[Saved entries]

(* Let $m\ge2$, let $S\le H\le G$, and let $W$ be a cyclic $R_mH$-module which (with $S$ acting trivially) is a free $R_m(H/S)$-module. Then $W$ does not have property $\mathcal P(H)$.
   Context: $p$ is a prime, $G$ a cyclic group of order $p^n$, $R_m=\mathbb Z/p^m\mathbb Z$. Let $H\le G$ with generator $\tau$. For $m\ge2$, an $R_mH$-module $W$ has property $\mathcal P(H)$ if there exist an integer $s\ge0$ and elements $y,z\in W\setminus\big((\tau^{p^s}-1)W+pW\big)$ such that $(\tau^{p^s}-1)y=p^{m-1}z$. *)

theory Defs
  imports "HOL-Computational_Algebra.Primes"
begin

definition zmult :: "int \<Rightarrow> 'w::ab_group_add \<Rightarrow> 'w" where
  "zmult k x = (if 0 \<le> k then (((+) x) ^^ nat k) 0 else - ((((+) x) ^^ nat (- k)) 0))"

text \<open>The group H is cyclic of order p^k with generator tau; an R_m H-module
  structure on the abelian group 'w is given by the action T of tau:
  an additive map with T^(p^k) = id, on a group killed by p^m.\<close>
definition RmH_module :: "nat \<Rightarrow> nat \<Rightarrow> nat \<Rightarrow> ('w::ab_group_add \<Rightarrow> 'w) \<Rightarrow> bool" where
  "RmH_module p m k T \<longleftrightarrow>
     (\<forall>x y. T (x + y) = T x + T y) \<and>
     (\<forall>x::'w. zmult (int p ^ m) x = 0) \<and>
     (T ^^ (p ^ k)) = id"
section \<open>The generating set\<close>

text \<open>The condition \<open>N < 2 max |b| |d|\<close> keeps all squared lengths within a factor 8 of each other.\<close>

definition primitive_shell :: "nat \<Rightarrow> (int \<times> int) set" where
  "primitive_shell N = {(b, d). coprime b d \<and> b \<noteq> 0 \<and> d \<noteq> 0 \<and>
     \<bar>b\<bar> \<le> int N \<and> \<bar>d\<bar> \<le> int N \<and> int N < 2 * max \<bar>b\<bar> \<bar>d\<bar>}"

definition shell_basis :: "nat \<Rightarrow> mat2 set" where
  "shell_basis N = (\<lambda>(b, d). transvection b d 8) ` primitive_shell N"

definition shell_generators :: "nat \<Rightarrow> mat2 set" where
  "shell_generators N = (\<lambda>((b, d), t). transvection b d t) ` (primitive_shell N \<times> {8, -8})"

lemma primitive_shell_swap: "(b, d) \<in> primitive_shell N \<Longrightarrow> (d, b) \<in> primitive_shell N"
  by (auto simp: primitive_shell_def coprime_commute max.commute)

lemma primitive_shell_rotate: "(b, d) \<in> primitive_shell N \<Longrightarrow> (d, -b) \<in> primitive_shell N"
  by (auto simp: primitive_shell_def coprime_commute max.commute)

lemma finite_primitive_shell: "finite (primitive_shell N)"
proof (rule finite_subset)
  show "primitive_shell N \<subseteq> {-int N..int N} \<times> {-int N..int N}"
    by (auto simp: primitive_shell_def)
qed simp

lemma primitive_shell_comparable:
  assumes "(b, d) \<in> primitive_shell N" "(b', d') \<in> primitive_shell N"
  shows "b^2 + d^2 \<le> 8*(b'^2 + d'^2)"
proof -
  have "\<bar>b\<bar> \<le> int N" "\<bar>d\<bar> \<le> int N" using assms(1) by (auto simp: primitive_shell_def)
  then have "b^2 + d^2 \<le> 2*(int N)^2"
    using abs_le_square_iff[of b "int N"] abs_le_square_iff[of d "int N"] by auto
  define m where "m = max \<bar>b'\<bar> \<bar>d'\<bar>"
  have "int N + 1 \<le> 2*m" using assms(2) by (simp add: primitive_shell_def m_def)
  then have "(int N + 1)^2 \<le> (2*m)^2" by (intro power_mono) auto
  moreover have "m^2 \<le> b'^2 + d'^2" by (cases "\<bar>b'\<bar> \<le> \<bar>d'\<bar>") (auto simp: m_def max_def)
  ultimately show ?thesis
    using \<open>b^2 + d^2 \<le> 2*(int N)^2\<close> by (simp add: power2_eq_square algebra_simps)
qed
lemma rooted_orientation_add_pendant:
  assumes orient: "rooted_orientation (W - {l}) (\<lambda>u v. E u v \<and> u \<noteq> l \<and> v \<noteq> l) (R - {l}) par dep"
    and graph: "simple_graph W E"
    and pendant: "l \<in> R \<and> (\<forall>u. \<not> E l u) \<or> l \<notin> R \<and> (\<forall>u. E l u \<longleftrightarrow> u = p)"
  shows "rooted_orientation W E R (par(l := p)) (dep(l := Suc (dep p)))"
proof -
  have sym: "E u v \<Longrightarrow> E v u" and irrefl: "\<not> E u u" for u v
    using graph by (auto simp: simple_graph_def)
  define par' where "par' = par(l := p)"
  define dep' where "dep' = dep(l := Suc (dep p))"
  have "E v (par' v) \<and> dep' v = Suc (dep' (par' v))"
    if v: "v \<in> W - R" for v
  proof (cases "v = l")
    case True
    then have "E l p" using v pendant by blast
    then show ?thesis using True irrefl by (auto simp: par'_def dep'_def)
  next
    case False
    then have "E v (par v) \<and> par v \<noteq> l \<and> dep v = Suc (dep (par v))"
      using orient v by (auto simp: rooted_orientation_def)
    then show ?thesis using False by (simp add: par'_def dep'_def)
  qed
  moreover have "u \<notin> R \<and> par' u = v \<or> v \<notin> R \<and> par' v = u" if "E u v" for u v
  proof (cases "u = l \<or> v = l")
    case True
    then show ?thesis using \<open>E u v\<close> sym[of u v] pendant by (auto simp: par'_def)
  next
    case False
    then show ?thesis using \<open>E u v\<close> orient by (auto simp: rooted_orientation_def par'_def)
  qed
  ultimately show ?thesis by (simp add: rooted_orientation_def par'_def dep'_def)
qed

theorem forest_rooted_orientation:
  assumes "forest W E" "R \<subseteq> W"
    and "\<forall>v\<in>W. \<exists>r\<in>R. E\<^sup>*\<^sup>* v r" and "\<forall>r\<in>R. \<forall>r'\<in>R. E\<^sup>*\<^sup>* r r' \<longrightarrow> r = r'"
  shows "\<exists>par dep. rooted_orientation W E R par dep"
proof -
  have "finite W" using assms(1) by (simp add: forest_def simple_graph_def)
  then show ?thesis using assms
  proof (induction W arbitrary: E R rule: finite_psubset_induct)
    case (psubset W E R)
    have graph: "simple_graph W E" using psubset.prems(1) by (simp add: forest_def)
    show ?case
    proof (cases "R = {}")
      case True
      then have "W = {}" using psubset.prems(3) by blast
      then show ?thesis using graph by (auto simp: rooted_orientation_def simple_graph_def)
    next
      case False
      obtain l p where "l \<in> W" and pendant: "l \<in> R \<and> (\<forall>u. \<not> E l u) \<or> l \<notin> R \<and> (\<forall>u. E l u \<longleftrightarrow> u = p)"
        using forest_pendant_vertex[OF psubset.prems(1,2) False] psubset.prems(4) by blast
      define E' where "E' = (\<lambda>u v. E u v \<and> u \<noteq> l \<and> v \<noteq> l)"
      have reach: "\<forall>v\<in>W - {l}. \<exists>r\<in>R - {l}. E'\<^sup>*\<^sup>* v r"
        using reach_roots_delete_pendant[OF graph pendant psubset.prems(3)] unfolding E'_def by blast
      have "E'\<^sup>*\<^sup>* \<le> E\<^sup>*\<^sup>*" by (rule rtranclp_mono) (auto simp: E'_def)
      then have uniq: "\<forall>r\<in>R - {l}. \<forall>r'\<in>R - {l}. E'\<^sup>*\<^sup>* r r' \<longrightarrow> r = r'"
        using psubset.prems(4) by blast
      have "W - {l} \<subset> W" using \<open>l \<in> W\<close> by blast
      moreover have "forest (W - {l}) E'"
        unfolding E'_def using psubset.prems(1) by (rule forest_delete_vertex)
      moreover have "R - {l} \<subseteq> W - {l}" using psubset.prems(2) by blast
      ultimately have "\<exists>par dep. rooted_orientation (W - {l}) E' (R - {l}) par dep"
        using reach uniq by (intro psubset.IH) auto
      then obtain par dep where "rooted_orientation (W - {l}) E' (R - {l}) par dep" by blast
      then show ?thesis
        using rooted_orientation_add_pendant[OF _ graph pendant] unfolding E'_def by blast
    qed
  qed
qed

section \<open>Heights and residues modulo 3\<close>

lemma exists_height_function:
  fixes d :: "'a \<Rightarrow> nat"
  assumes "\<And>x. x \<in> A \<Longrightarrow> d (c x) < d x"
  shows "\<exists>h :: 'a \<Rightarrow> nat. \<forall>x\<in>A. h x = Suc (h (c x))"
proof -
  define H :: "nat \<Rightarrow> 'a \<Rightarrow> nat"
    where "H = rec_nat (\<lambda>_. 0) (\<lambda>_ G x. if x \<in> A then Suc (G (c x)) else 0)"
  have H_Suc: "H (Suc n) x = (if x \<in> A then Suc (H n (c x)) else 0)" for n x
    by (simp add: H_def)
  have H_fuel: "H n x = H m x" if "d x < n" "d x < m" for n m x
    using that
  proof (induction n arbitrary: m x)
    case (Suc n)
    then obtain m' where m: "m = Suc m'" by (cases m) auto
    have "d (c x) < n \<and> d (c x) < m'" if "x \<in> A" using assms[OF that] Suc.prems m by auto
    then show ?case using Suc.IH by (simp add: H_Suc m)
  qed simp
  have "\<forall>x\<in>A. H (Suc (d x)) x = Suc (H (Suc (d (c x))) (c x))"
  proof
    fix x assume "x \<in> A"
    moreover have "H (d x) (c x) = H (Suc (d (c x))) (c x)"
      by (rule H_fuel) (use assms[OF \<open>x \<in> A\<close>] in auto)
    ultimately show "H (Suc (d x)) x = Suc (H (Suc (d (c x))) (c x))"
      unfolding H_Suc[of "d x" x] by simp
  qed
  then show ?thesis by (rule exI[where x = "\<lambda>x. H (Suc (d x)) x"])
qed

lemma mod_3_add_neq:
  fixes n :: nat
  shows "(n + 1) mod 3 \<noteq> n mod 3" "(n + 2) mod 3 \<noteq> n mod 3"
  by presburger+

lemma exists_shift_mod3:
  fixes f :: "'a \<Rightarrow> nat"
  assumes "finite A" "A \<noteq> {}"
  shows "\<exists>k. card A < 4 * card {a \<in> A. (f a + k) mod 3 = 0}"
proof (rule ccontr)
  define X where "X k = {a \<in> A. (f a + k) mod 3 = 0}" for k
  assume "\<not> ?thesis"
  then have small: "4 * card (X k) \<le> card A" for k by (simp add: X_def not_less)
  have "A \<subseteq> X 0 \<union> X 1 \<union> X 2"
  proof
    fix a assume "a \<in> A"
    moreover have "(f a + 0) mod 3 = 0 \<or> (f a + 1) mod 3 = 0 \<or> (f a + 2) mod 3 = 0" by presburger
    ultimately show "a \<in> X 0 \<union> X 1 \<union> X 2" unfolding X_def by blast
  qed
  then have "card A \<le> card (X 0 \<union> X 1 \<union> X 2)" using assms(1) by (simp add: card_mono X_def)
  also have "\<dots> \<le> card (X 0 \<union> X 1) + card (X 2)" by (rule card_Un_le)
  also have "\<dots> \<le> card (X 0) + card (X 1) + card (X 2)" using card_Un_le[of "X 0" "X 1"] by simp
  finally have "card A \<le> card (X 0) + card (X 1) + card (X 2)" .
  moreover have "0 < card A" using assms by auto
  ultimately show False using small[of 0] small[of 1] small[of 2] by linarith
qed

- DESCRIPTION OF THE TASK: Which lines above include the word "True"? Show each one.

- EXERCISE RESPONSE:
    case True
    then show ?thesis using True irrefl by (auto simp: par'_def dep'_def)
    case True
      case True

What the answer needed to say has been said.